• Saved entries:
—————

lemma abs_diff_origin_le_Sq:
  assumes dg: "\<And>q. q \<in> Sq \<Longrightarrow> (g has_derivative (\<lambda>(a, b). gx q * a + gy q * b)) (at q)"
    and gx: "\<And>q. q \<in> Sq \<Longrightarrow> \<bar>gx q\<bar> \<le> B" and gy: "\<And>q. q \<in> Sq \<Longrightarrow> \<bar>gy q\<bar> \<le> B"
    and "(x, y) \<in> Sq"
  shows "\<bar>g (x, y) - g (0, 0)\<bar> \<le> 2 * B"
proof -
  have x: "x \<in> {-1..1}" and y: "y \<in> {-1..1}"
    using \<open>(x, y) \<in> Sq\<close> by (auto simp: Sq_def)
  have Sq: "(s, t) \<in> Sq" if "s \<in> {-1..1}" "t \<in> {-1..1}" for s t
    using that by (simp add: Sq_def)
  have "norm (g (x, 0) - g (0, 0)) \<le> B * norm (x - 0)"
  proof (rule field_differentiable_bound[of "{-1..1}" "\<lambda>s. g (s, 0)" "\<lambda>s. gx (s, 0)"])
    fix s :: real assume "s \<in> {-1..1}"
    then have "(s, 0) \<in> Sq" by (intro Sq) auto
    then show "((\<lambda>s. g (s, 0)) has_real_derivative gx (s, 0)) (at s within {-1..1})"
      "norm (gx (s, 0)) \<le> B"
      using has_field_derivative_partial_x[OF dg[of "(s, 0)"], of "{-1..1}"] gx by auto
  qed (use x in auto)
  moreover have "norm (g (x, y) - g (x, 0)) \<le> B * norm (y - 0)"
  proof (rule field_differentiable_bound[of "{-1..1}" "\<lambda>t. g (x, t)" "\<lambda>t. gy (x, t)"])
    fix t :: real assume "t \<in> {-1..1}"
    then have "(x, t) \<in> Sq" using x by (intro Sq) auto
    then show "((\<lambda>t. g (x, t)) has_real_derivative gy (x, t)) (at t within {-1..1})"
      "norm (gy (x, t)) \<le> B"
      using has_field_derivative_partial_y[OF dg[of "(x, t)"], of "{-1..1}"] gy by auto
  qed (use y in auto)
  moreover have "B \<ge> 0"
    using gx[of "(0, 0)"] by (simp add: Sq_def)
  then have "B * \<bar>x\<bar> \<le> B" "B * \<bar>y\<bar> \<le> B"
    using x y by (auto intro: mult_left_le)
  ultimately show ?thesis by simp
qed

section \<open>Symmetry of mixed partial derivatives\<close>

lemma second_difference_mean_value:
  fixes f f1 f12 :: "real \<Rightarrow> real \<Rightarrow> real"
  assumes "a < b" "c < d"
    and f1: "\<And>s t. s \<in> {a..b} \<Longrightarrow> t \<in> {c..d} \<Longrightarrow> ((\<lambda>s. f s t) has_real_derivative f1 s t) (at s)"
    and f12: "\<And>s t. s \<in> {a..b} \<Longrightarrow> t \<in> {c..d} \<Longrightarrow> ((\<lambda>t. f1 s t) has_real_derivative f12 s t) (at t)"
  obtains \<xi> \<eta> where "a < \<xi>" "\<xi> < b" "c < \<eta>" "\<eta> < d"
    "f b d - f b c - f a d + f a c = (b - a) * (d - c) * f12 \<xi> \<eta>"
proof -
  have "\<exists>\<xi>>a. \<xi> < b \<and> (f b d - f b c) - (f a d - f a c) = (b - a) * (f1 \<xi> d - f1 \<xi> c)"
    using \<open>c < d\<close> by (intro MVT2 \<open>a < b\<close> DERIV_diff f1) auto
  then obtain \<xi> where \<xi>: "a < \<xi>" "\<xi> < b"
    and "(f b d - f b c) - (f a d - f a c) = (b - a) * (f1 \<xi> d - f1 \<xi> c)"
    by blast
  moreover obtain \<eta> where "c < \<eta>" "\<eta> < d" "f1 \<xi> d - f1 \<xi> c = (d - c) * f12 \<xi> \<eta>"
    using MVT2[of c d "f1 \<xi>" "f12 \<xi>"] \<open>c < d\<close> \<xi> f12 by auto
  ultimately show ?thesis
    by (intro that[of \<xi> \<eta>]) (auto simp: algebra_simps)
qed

—————

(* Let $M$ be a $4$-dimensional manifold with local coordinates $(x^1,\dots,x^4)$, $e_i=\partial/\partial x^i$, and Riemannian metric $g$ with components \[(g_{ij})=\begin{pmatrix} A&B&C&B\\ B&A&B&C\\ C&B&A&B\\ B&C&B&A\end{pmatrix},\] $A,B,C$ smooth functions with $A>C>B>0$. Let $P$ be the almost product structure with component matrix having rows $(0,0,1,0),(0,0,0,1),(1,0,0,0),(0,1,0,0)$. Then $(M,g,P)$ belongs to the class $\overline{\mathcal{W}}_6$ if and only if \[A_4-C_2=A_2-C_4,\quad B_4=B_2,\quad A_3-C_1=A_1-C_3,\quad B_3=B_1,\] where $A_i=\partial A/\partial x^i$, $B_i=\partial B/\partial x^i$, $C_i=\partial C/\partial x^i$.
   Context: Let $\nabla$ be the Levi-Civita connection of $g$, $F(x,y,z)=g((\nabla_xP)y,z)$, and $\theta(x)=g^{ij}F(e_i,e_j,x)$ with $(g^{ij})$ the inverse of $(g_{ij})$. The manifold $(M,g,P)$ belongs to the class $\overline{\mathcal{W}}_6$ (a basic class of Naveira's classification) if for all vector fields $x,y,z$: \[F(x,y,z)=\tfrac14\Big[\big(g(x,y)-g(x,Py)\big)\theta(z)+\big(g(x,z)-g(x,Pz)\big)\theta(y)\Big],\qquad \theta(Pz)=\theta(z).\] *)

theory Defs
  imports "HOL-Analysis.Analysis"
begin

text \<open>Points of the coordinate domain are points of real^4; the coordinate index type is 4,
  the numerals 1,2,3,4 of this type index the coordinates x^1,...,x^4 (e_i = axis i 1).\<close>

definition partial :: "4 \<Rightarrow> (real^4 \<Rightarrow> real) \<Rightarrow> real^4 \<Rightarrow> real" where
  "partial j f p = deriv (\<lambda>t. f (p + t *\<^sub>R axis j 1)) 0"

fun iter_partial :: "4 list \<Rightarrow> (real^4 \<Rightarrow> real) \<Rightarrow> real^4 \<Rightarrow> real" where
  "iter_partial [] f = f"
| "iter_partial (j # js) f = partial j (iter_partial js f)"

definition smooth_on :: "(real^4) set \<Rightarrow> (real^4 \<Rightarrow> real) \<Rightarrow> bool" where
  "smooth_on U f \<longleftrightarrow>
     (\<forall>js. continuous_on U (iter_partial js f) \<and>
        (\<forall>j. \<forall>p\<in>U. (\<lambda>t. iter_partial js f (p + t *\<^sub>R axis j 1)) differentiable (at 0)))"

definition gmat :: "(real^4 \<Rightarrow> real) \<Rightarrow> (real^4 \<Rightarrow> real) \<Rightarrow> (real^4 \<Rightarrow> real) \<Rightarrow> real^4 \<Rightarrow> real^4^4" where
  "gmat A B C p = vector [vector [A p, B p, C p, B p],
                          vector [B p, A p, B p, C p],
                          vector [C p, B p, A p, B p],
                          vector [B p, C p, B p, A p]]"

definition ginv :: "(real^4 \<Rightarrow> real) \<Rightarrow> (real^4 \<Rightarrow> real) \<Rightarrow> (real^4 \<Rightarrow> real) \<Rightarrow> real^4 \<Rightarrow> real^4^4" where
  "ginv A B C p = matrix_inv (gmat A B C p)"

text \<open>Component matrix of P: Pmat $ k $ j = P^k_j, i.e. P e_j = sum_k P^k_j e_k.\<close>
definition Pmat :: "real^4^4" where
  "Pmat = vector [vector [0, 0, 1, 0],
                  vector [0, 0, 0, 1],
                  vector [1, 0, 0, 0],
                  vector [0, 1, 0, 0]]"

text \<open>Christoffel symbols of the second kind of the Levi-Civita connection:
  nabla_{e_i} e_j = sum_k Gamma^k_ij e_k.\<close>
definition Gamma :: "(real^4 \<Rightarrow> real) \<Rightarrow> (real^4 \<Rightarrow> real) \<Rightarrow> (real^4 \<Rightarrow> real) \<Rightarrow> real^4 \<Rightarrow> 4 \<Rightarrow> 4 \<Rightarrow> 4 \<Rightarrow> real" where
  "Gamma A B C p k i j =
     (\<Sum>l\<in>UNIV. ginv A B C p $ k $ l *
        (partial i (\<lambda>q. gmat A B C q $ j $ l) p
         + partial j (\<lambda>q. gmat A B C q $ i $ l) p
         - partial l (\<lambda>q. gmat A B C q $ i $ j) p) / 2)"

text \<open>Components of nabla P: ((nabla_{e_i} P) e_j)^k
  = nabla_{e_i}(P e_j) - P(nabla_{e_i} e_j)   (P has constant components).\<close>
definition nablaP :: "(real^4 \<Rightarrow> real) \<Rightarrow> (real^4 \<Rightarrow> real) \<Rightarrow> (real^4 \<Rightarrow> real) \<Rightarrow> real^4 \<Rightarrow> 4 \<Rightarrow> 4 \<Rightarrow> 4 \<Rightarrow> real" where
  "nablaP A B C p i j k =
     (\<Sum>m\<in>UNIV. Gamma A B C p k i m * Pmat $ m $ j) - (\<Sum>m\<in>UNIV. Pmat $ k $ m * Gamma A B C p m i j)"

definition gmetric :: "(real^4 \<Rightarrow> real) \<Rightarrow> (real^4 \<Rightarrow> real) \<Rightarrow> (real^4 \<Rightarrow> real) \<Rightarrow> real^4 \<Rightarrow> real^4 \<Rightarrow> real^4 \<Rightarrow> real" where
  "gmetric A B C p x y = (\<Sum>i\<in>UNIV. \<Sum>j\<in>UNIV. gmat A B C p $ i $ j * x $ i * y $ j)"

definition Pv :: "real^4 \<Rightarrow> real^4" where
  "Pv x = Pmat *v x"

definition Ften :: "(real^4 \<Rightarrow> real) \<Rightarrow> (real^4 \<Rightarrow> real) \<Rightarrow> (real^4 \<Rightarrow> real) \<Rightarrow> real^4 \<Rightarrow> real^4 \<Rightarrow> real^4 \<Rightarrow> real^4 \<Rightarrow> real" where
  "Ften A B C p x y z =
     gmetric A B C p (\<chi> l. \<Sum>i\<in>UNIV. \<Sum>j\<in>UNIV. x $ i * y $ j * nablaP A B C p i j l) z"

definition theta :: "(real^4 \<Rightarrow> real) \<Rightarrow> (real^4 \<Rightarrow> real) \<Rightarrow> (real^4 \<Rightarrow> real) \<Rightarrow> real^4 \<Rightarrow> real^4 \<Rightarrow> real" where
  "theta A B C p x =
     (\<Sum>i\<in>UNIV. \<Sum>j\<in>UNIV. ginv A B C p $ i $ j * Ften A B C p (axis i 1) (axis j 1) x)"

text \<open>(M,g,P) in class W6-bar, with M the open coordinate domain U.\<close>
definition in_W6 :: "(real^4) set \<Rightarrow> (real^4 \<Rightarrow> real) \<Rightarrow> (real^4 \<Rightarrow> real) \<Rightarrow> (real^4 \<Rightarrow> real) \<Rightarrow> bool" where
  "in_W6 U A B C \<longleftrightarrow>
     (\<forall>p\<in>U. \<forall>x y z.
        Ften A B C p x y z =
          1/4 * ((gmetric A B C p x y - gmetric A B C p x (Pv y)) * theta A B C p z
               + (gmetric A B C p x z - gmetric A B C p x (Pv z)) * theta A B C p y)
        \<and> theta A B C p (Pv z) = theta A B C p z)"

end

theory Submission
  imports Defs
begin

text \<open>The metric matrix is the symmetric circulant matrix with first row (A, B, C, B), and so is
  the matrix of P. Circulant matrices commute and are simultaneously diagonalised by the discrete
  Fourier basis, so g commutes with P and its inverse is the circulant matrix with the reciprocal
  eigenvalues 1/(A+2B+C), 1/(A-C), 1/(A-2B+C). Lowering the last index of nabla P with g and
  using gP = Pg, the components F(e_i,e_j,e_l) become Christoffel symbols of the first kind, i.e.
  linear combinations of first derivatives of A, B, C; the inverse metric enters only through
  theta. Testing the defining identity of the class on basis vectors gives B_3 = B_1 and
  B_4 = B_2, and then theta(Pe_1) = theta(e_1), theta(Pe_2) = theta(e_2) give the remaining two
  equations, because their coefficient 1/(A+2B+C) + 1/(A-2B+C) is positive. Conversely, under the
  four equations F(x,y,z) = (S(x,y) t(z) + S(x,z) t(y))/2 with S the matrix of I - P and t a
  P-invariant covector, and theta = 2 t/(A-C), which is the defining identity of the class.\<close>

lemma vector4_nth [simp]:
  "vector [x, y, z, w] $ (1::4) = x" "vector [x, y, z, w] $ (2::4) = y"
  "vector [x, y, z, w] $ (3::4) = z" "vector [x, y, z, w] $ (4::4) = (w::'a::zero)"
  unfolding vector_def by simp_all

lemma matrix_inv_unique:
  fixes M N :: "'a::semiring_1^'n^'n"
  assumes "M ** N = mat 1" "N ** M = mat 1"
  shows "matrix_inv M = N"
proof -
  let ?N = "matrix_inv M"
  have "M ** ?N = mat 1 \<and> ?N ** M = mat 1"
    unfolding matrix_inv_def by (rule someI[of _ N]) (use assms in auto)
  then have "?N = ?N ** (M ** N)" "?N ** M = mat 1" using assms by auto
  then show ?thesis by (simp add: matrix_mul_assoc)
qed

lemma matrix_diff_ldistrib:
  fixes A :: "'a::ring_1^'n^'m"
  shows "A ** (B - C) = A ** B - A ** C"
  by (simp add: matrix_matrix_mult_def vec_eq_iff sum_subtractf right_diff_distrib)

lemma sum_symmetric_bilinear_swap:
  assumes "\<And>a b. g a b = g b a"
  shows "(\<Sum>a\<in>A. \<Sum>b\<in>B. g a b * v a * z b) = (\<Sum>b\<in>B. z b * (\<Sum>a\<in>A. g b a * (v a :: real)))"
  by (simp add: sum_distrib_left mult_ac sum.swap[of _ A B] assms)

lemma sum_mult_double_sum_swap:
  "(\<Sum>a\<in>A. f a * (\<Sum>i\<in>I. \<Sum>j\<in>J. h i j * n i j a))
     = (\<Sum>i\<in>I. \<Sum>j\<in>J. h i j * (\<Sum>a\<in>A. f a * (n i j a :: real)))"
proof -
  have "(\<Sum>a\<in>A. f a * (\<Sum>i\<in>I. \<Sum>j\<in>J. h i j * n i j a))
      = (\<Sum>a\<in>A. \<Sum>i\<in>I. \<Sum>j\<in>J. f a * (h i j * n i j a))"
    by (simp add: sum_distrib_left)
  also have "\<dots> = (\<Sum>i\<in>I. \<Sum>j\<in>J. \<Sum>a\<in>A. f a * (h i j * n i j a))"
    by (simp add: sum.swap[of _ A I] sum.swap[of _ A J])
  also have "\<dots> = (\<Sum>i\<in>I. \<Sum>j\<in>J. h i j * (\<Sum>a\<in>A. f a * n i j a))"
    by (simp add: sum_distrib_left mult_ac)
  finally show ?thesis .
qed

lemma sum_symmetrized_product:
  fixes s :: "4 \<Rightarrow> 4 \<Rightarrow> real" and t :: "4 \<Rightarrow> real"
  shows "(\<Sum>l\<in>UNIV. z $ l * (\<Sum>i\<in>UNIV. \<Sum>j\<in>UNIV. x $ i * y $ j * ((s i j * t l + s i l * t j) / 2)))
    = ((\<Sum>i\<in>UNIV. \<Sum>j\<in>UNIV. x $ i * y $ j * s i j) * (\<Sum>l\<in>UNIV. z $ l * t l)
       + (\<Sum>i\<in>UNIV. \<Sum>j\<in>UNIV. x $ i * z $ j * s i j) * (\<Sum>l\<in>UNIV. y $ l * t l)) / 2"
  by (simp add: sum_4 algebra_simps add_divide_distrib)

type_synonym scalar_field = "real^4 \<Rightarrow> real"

—————

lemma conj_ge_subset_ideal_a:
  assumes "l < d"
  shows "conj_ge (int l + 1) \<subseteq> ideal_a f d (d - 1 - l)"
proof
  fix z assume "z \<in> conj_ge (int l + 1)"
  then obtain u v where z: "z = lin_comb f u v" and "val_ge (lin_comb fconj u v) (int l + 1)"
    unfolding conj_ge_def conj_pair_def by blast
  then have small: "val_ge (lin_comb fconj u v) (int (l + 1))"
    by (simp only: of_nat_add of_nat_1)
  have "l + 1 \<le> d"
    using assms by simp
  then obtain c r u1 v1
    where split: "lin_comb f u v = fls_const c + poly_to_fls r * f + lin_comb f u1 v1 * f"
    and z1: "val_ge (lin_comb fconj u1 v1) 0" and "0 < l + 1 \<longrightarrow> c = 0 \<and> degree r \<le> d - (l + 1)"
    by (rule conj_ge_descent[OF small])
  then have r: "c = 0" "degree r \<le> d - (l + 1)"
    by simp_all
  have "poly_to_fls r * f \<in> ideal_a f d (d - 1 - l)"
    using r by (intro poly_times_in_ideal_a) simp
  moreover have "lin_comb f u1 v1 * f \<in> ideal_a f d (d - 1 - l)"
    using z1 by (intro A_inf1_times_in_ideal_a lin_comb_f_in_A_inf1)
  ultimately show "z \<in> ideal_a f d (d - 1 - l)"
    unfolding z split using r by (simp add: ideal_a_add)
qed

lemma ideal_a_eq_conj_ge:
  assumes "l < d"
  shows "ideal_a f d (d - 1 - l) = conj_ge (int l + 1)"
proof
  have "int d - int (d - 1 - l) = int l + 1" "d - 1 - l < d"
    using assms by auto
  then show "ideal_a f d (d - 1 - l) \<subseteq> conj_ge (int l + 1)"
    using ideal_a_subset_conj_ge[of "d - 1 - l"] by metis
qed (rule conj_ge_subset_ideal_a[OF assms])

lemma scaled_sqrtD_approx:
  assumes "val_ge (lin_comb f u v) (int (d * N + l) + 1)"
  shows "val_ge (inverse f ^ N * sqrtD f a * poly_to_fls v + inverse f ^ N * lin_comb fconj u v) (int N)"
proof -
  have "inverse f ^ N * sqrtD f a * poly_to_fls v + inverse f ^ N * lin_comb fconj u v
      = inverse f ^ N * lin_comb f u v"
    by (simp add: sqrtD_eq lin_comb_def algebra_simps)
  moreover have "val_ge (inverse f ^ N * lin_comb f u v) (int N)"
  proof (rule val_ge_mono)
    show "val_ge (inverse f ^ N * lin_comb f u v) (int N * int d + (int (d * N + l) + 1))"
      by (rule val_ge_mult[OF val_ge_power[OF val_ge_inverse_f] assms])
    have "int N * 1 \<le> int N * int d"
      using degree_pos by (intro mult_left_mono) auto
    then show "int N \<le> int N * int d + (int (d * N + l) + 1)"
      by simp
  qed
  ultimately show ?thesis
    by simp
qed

—————

• How to complete this task: Set down, exactly as they appear above, all lines from the one that has "(gy (x, t)) \<le>" down to the one that has "((\<lambda>t. f1 s", including those two and no others.

• Answer:
      "norm (gy (x, t)) \<le> B"
      using has_field_derivative_partial_y[OF dg[of "(x, t)"], of "{-1..1}"] gy by auto
  qed (use y in auto)
  moreover have "B \<ge> 0"
    using gx[of "(0, 0)"] by (simp add: Sq_def)
  then have "B * \<bar>x\<bar> \<le> B" "B * \<bar>y\<bar> \<le> B"
    using x y by (auto intro: mult_left_le)
  ultimately show ?thesis by simp
qed

section \<open>Symmetry of mixed partial derivatives\<close>

lemma second_difference_mean_value:
  fixes f f1 f12 :: "real \<Rightarrow> real \<Rightarrow> real"
  assumes "a < b" "c < d"
    and f1: "\<And>s t. s \<in> {a..b} \<Longrightarrow> t \<in> {c..d} \<Longrightarrow> ((\<lambda>s. f s t) has_real_derivative f1 s t) (at s)"
    and f12: "\<And>s t. s \<in> {a..b} \<Longrightarrow> t \<in> {c..d} \<Longrightarrow> ((\<lambda>t. f1 s t) has_real_derivative f12 s t) (at t)"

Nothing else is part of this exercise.